◆ Your goal: From the first line onward, reproduce the records exactly; the final line to include is the one holding "(\<Sum>k\<in>?P. exp (4".

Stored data

%%

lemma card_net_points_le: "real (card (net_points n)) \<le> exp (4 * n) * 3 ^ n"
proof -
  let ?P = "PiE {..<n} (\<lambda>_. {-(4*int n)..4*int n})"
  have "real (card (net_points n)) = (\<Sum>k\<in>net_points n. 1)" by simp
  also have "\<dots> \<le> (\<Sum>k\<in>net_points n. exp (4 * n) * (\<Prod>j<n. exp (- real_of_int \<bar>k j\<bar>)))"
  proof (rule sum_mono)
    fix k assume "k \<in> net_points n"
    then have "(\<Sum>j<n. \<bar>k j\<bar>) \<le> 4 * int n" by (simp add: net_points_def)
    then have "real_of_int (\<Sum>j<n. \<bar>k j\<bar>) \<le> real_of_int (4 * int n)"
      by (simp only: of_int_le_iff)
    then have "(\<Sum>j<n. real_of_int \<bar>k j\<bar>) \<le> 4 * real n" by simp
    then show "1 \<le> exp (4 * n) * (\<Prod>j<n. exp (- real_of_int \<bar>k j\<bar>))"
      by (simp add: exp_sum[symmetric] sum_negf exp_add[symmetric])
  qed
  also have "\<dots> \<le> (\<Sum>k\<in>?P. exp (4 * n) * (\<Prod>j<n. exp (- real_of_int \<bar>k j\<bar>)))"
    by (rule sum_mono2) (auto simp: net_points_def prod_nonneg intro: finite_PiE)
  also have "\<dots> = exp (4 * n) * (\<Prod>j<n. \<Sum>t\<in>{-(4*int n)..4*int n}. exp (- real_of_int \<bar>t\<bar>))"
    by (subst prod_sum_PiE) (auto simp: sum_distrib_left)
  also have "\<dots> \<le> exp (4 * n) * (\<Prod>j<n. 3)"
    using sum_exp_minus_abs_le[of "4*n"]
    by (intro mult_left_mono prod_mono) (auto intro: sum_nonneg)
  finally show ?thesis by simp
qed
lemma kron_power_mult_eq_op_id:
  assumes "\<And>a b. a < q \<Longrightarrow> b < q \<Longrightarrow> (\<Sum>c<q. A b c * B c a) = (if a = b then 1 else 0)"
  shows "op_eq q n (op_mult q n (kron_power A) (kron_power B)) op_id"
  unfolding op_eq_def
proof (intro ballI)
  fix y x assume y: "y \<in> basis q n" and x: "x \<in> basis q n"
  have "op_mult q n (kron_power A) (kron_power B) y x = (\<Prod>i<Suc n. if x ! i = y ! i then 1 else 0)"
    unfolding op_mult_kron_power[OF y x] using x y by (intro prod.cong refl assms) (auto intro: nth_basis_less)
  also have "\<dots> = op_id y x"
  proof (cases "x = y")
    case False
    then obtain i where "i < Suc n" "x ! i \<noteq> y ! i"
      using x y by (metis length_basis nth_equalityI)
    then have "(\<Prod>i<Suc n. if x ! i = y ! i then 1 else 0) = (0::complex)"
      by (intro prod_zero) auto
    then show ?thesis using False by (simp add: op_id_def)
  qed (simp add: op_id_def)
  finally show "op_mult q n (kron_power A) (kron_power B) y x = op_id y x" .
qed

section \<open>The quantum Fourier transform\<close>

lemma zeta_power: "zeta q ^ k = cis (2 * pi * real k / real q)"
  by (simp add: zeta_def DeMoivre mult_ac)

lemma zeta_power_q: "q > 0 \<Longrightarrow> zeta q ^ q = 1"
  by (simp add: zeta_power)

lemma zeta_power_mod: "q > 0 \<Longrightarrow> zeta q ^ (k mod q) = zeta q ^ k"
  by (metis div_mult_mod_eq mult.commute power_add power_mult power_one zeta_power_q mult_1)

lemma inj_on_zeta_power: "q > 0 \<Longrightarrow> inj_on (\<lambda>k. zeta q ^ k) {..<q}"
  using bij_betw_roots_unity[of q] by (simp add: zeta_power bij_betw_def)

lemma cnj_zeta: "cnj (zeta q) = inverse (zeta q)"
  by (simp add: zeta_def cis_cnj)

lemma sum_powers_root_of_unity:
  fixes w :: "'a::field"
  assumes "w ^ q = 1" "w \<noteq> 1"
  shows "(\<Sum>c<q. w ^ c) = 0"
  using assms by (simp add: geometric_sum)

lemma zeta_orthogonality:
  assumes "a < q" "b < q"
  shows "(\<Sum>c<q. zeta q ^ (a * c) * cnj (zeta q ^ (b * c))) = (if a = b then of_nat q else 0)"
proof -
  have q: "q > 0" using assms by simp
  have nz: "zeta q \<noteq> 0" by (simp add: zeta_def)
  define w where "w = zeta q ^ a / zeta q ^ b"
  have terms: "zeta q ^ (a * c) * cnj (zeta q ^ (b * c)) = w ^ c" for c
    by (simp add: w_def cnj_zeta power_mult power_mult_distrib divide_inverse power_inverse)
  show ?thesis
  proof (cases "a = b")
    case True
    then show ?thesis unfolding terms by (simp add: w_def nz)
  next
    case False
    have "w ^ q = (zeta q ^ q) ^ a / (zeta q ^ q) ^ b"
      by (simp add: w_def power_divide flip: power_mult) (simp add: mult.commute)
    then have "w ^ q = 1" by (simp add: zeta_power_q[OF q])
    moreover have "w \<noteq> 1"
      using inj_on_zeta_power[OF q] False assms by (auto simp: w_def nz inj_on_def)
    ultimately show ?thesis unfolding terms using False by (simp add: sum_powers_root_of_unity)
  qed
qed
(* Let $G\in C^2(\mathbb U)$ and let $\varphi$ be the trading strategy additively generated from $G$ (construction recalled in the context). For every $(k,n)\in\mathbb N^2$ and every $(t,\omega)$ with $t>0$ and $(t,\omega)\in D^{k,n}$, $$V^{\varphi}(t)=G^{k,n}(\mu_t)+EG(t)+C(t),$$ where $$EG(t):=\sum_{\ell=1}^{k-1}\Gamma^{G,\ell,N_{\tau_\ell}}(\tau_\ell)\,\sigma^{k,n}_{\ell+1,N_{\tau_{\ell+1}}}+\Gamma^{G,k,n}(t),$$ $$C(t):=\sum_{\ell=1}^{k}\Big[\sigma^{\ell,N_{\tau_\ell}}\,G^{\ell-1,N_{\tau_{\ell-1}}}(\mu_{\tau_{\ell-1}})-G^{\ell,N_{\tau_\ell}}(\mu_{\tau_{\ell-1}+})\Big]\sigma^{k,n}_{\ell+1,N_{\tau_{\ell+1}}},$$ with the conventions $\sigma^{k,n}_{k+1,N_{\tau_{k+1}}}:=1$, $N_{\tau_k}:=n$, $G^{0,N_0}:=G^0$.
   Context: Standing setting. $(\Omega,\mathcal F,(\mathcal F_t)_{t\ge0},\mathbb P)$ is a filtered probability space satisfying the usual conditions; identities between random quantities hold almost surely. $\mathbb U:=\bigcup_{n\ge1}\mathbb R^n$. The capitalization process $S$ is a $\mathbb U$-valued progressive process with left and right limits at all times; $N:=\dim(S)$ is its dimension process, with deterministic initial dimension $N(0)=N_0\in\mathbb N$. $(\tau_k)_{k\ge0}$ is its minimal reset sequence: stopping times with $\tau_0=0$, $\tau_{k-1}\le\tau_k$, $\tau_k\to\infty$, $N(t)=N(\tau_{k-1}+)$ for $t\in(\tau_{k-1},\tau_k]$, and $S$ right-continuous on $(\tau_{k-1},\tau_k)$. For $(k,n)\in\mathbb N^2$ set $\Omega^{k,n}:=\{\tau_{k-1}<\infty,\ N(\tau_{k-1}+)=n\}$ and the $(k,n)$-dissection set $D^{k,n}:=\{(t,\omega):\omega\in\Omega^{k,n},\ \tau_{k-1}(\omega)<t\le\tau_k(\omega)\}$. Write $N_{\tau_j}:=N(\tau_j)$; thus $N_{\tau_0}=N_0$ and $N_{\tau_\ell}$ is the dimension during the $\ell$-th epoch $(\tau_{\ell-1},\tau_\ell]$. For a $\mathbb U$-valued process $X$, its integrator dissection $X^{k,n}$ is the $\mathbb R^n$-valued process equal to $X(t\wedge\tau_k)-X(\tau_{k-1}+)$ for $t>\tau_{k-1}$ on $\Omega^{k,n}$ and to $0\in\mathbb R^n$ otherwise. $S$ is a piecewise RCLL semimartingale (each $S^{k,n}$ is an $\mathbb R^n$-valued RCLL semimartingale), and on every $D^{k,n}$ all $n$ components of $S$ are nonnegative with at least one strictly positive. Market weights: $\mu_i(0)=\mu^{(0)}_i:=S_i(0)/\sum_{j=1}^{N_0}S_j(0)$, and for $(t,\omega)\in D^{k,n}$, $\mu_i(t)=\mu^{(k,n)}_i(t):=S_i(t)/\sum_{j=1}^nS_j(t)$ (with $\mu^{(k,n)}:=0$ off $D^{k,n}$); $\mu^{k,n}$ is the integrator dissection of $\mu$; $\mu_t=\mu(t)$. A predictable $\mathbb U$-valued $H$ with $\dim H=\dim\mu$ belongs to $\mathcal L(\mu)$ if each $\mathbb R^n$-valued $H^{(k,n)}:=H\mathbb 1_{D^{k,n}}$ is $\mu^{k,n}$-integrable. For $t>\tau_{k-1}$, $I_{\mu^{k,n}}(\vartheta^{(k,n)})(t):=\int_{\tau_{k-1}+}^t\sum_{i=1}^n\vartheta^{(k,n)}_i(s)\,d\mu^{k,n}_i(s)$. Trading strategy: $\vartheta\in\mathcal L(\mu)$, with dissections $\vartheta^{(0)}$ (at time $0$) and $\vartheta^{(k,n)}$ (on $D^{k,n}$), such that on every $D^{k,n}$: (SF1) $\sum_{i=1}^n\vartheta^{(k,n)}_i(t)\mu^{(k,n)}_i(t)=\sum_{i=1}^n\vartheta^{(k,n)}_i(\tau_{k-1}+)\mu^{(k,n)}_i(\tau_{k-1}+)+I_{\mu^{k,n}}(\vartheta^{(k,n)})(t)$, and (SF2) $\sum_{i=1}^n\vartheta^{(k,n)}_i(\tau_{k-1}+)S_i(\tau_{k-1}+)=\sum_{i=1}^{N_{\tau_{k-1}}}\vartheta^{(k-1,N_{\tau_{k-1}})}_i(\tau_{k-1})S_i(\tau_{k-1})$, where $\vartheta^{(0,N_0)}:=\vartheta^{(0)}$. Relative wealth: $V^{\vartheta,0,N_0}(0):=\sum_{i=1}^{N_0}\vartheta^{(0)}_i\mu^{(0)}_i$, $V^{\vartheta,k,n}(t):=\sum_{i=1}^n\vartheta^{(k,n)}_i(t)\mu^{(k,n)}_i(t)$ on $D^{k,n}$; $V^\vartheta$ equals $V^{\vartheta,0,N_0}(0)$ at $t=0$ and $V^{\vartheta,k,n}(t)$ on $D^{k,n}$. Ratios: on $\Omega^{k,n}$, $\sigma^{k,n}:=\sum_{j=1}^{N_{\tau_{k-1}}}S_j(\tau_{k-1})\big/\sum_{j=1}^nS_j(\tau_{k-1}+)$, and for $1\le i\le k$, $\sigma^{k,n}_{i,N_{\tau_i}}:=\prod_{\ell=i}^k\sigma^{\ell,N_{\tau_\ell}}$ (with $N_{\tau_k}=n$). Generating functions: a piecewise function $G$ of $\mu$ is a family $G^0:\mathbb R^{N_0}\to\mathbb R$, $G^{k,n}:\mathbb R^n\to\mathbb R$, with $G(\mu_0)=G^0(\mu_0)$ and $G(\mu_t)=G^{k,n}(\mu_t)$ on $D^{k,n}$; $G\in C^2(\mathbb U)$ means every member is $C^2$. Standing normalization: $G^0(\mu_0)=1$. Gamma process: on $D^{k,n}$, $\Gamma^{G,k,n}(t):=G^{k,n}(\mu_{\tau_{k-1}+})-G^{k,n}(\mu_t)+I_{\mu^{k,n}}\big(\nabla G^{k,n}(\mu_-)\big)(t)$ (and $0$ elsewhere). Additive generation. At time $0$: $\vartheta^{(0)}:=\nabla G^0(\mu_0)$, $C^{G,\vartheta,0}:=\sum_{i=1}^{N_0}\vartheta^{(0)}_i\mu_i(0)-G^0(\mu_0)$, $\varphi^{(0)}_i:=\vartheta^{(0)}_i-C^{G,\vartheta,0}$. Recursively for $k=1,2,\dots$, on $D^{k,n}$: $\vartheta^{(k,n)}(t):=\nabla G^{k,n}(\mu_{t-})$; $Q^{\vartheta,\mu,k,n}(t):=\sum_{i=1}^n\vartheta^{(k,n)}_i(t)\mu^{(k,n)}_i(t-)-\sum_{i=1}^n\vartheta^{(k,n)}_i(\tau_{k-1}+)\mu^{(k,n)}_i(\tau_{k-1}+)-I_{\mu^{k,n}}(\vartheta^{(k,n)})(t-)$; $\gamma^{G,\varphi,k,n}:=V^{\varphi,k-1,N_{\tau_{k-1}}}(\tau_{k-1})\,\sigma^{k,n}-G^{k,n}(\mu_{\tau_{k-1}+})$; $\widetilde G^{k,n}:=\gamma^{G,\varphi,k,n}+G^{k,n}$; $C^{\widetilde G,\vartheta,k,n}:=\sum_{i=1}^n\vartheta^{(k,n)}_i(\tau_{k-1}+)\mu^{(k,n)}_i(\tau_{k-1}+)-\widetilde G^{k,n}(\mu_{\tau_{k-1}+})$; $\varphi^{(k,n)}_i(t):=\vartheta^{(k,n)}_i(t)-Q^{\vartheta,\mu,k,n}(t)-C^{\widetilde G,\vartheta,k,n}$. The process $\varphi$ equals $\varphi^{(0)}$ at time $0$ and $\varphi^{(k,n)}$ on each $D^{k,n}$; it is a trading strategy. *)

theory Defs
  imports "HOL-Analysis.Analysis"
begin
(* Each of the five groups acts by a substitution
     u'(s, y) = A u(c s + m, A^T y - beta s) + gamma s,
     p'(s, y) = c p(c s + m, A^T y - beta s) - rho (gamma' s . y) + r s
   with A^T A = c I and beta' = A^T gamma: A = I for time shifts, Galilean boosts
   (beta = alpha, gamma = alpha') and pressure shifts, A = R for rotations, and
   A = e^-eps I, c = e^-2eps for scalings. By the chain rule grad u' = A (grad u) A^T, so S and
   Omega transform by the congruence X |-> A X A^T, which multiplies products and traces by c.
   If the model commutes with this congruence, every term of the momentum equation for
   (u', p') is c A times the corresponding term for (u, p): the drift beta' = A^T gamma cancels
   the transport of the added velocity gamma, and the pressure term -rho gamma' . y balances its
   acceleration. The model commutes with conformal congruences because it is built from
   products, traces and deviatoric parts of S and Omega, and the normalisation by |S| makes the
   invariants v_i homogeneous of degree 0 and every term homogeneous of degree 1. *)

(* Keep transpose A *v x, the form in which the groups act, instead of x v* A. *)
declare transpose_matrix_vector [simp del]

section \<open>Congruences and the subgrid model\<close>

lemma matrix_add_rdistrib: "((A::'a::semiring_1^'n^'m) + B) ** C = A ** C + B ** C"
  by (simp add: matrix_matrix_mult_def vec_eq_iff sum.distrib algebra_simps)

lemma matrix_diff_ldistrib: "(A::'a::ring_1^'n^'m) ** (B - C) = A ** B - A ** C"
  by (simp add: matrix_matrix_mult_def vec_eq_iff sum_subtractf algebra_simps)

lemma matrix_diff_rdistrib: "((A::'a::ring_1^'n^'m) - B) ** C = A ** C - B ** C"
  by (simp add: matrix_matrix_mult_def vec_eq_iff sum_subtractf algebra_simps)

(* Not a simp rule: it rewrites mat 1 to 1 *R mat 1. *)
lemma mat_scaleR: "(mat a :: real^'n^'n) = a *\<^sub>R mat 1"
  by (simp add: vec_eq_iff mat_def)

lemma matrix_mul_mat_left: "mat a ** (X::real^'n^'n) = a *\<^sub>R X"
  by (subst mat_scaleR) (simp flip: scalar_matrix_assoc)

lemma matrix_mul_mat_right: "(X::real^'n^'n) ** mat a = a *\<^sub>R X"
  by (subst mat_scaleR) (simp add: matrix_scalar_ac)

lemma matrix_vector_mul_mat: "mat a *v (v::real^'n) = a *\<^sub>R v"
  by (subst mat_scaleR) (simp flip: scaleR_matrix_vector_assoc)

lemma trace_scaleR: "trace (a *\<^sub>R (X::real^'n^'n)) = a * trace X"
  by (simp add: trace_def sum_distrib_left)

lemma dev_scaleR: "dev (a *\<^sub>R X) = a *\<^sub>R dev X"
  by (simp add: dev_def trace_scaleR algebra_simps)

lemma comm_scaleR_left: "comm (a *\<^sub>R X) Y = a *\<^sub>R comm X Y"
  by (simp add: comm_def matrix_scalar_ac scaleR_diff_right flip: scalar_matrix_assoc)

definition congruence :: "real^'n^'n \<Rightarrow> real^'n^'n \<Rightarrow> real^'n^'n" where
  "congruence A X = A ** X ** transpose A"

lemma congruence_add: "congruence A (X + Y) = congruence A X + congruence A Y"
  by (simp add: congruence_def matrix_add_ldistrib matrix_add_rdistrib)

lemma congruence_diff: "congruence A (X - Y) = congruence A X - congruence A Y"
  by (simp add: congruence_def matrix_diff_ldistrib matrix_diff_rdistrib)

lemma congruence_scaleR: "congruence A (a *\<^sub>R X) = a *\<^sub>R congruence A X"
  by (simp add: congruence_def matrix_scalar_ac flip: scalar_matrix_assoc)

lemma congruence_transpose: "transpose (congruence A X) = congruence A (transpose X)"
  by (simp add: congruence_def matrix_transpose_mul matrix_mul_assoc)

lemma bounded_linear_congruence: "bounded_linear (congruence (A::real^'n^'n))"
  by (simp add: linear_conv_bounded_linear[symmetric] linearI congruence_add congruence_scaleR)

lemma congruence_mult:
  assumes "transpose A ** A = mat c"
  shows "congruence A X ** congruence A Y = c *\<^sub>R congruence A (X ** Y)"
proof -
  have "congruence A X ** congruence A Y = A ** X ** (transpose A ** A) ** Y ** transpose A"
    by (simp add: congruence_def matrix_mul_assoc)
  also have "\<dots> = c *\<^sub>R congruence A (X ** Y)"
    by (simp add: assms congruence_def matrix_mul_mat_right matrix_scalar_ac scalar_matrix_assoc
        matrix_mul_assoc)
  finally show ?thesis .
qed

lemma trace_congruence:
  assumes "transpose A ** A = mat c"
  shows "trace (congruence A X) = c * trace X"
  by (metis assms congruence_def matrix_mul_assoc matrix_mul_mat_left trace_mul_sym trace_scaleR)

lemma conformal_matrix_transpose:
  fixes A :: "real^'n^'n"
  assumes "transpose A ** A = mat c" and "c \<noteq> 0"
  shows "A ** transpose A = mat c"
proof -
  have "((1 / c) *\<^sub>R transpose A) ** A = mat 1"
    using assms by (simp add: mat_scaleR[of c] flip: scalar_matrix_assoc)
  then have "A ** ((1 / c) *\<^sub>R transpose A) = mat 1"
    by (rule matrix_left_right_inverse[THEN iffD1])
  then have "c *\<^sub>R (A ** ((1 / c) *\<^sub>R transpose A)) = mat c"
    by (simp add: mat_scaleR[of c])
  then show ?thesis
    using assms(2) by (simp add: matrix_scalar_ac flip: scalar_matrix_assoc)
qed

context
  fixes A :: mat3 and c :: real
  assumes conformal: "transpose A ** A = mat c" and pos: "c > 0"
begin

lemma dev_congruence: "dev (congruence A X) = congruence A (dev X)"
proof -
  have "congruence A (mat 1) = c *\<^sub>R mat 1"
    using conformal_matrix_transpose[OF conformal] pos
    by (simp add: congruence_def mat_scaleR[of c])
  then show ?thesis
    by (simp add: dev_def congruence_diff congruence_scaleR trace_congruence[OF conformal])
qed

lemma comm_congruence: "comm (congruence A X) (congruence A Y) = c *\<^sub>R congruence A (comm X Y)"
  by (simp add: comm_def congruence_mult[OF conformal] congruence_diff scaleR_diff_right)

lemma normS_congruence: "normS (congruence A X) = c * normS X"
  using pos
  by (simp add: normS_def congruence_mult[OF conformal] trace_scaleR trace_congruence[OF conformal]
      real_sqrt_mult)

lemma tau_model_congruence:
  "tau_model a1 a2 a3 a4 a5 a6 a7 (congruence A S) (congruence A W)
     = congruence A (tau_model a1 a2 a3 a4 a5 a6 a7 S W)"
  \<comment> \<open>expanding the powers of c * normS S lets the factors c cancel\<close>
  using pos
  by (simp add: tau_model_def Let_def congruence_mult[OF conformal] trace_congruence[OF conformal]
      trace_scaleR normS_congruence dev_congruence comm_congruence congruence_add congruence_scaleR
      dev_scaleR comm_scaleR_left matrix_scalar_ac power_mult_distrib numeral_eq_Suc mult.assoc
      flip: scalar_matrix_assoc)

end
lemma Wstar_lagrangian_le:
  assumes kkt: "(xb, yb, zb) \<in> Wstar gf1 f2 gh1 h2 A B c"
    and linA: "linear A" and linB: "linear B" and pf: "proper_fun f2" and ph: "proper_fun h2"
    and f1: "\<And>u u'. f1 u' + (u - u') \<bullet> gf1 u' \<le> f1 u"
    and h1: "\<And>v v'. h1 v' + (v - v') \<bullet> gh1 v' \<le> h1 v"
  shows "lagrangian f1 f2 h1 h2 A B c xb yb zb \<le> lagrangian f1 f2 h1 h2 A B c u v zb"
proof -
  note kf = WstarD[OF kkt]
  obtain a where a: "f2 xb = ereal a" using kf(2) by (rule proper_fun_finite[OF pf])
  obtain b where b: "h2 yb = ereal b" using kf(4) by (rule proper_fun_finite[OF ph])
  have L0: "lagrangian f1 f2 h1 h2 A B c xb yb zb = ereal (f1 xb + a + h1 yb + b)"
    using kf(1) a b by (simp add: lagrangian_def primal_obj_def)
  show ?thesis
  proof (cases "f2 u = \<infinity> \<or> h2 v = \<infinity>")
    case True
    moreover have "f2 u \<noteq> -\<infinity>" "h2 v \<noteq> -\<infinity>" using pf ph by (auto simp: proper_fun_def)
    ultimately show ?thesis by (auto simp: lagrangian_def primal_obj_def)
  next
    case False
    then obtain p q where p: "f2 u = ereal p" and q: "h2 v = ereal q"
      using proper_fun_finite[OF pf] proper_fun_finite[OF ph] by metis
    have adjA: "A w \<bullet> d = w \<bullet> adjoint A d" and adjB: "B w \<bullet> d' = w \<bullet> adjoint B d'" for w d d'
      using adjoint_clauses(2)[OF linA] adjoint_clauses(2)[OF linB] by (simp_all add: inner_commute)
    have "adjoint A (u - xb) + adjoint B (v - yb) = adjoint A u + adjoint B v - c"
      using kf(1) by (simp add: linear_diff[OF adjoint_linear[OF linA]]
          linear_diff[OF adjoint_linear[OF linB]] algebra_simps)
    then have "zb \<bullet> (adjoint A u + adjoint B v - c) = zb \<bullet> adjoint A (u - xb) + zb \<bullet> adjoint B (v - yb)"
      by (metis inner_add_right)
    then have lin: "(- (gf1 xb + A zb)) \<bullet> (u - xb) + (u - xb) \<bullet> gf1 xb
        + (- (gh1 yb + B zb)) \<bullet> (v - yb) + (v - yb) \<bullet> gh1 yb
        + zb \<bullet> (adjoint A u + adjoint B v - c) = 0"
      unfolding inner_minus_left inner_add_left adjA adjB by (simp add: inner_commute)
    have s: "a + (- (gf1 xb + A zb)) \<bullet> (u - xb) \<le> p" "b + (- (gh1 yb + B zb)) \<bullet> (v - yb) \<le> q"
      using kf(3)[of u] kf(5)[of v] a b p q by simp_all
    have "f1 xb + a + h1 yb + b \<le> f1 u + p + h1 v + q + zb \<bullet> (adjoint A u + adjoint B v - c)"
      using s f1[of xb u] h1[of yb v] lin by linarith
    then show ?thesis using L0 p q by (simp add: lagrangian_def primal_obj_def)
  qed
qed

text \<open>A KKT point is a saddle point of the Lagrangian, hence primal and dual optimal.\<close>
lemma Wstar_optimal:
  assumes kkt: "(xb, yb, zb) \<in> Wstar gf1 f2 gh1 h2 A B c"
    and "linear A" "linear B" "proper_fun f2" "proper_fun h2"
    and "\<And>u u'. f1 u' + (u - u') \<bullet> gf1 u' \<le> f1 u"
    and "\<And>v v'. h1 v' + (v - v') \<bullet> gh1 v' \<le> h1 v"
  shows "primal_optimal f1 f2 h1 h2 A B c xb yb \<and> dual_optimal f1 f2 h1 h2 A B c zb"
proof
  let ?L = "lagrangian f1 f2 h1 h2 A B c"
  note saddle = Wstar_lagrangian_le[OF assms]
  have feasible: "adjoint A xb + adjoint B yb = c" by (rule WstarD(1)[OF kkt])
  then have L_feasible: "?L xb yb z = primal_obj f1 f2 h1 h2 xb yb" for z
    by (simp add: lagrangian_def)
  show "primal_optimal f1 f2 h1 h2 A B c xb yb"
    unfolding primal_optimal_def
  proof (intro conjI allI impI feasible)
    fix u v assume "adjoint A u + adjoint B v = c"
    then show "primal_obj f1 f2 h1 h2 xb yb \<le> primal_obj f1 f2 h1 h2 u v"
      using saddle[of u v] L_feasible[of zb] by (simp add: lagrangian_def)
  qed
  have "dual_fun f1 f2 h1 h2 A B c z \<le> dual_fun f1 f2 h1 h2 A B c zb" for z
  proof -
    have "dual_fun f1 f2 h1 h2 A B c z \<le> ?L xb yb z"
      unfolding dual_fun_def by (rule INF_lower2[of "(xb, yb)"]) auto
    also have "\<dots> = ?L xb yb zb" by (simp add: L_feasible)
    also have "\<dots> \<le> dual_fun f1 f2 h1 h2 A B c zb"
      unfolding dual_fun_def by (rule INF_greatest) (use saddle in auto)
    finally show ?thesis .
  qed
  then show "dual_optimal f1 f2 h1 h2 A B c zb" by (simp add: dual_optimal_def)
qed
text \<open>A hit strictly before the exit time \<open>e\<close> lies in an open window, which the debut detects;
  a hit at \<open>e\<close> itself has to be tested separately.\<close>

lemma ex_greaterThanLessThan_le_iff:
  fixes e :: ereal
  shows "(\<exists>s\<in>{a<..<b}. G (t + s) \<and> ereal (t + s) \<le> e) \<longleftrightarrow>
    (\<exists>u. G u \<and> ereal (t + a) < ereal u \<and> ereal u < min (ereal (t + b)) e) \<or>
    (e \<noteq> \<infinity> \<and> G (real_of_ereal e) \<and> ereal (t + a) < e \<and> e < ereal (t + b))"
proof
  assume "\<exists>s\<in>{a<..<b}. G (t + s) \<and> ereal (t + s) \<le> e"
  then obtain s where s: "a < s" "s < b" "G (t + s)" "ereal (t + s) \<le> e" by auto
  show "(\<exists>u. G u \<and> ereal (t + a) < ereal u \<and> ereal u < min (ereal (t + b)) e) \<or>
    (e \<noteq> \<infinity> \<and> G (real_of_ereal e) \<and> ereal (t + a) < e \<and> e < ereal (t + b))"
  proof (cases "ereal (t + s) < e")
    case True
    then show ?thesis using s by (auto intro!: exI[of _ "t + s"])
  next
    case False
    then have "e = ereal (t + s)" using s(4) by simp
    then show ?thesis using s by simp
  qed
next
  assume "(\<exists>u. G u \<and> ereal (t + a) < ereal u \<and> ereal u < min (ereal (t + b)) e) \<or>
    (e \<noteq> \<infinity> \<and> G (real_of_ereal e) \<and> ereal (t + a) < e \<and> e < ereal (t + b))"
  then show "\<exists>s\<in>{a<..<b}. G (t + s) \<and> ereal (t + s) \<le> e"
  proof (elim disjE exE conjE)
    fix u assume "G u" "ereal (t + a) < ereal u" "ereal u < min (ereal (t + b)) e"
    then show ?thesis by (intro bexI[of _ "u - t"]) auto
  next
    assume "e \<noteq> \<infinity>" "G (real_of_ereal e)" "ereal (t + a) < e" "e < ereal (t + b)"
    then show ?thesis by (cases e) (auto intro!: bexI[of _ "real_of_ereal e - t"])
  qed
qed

%%

◆ Exercise output:
lemma card_net_points_le: "real (card (net_points n)) \<le> exp (4 * n) * 3 ^ n"
proof -
  let ?P = "PiE {..<n} (\<lambda>_. {-(4*int n)..4*int n})"
  have "real (card (net_points n)) = (\<Sum>k\<in>net_points n. 1)" by simp
  also have "\<dots> \<le> (\<Sum>k\<in>net_points n. exp (4 * n) * (\<Prod>j<n. exp (- real_of_int \<bar>k j\<bar>)))"
  proof (rule sum_mono)
    fix k assume "k \<in> net_points n"
    then have "(\<Sum>j<n. \<bar>k j\<bar>) \<le> 4 * int n" by (simp add: net_points_def)
    then have "real_of_int (\<Sum>j<n. \<bar>k j\<bar>) \<le> real_of_int (4 * int n)"
      by (simp only: of_int_le_iff)
    then have "(\<Sum>j<n. real_of_int \<bar>k j\<bar>) \<le> 4 * real n" by simp
    then show "1 \<le> exp (4 * n) * (\<Prod>j<n. exp (- real_of_int \<bar>k j\<bar>))"
      by (simp add: exp_sum[symmetric] sum_negf exp_add[symmetric])
  qed
  also have "\<dots> \<le> (\<Sum>k\<in>?P. exp (4 * n) * (\<Prod>j<n. exp (- real_of_int \<bar>k j\<bar>)))"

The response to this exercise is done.